The entries below contain a line with "proof (rule ccontr)" and a line with "using cont \<open>\<epsilon>". Quote exactly those two lines and all lines between them.

(Stored data entries)
┄┄┄┄┄┄┄┄┄┄
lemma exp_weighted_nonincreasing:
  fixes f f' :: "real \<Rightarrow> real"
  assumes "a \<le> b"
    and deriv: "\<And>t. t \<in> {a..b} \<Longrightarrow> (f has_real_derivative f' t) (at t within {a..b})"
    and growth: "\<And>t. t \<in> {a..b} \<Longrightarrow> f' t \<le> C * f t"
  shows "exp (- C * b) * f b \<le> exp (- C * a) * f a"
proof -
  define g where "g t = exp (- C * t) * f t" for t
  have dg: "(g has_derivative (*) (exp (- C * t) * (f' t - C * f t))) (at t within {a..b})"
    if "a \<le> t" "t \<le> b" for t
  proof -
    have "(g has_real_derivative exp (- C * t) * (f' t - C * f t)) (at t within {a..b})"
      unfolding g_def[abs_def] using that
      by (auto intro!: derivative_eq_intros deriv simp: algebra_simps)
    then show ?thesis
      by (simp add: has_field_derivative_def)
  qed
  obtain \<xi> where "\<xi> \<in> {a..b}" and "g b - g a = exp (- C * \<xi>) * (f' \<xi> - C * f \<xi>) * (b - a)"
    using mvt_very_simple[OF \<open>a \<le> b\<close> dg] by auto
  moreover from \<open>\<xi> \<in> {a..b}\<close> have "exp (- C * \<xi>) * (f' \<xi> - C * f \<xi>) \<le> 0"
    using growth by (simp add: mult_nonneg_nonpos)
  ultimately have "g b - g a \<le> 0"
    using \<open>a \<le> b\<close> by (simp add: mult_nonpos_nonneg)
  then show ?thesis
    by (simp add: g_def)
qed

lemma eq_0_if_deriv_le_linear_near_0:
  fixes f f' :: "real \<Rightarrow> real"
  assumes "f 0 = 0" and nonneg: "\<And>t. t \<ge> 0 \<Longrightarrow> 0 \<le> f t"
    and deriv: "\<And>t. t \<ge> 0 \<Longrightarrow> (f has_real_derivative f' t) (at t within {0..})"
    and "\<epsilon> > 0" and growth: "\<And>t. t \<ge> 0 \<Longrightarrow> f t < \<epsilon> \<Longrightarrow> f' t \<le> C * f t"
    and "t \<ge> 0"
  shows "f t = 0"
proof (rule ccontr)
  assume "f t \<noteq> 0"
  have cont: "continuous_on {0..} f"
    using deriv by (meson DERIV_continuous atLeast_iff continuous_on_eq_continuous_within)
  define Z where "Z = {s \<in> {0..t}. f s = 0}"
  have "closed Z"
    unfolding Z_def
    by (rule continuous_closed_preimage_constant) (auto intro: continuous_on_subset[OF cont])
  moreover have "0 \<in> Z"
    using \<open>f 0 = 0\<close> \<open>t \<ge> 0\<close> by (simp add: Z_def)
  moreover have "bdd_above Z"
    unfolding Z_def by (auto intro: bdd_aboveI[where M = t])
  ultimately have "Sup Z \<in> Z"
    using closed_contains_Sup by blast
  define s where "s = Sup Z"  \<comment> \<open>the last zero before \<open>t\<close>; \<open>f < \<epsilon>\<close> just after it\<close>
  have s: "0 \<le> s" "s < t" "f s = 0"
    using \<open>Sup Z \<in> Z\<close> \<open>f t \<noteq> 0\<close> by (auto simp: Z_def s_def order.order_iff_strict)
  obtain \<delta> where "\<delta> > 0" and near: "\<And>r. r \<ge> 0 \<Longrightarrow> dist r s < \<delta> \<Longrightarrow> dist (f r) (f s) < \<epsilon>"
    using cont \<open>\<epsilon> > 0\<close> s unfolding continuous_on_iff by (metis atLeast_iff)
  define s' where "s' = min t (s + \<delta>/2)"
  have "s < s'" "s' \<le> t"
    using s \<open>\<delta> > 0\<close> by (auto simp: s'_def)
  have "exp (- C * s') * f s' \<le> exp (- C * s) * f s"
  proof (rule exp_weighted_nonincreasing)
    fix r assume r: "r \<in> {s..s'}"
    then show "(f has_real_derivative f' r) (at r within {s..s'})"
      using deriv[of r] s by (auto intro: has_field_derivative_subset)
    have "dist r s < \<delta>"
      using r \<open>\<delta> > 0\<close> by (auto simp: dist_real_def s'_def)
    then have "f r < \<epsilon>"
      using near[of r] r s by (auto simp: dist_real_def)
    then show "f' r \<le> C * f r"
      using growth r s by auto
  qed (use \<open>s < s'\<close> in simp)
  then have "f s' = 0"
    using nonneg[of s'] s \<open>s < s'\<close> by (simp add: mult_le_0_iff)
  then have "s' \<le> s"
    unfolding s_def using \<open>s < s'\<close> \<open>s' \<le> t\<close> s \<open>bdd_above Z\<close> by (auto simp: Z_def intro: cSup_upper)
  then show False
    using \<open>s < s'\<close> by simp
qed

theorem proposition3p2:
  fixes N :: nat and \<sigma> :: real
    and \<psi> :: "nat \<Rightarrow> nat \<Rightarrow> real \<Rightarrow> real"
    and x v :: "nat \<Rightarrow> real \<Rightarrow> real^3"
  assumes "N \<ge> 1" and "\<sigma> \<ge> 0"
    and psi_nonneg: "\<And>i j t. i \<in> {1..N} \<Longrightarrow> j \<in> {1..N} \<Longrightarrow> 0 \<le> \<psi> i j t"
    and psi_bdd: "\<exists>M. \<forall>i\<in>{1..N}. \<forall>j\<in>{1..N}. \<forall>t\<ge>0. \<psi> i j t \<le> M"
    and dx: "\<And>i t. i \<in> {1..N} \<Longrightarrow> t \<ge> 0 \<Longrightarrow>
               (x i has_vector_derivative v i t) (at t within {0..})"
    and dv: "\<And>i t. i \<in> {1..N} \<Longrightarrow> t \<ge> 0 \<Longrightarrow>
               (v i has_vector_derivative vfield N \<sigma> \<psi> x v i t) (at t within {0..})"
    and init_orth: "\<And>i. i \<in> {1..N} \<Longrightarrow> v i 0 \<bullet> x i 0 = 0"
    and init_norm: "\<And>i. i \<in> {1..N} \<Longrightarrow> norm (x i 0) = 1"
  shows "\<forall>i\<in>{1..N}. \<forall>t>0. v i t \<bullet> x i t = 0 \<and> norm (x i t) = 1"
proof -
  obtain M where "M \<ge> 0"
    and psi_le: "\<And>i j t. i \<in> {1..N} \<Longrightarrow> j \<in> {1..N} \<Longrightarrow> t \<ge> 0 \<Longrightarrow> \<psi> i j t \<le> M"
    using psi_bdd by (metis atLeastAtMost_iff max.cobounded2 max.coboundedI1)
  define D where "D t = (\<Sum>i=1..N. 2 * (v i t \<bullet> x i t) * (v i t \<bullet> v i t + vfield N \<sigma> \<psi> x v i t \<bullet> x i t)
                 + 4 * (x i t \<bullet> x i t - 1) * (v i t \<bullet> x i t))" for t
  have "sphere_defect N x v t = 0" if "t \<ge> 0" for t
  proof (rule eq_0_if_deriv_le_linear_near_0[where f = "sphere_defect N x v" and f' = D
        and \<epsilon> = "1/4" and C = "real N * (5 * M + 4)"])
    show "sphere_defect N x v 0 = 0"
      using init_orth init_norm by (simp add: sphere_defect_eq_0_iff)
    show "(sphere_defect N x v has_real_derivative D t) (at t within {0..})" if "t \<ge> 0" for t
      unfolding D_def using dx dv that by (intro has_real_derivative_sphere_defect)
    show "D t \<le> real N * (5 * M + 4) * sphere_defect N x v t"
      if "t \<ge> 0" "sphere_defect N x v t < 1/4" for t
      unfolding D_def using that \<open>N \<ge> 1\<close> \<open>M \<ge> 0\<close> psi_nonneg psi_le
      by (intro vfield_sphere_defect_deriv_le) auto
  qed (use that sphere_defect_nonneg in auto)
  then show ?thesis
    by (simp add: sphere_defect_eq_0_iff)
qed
┄┄┄┄┄┄┄┄┄┄
RESPONSE TO THIS TASK:
proof (rule ccontr)
  assume "f t \<noteq> 0"
  have cont: "continuous_on {0..} f"
    using deriv by (meson DERIV_continuous atLeast_iff continuous_on_eq_continuous_within)
  define Z where "Z = {s \<in> {0..t}. f s = 0}"
  have "closed Z"
    unfolding Z_def
    by (rule continuous_closed_preimage_constant) (auto intro: continuous_on_subset[OF cont])
  moreover have "0 \<in> Z"
    using \<open>f 0 = 0\<close> \<open>t \<ge> 0\<close> by (simp add: Z_def)
  moreover have "bdd_above Z"
    unfolding Z_def by (auto intro: bdd_aboveI[where M = t])
  ultimately have "Sup Z \<in> Z"
    using closed_contains_Sup by blast
  define s where "s = Sup Z"  \<comment> \<open>the last zero before \<open>t\<close>; \<open>f < \<epsilon>\<close> just after it\<close>
  have s: "0 \<le> s" "s < t" "f s = 0"
    using \<open>Sup Z \<in> Z\<close> \<open>f t \<noteq> 0\<close> by (auto simp: Z_def s_def order.order_iff_strict)
  obtain \<delta> where "\<delta> > 0" and near: "\<And>r. r \<ge> 0 \<Longrightarrow> dist r s < \<delta> \<Longrightarrow> dist (f r) (f s) < \<epsilon>"
    using cont \<open>\<epsilon> > 0\<close> s unfolding continuous_on_iff by (metis atLeast_iff)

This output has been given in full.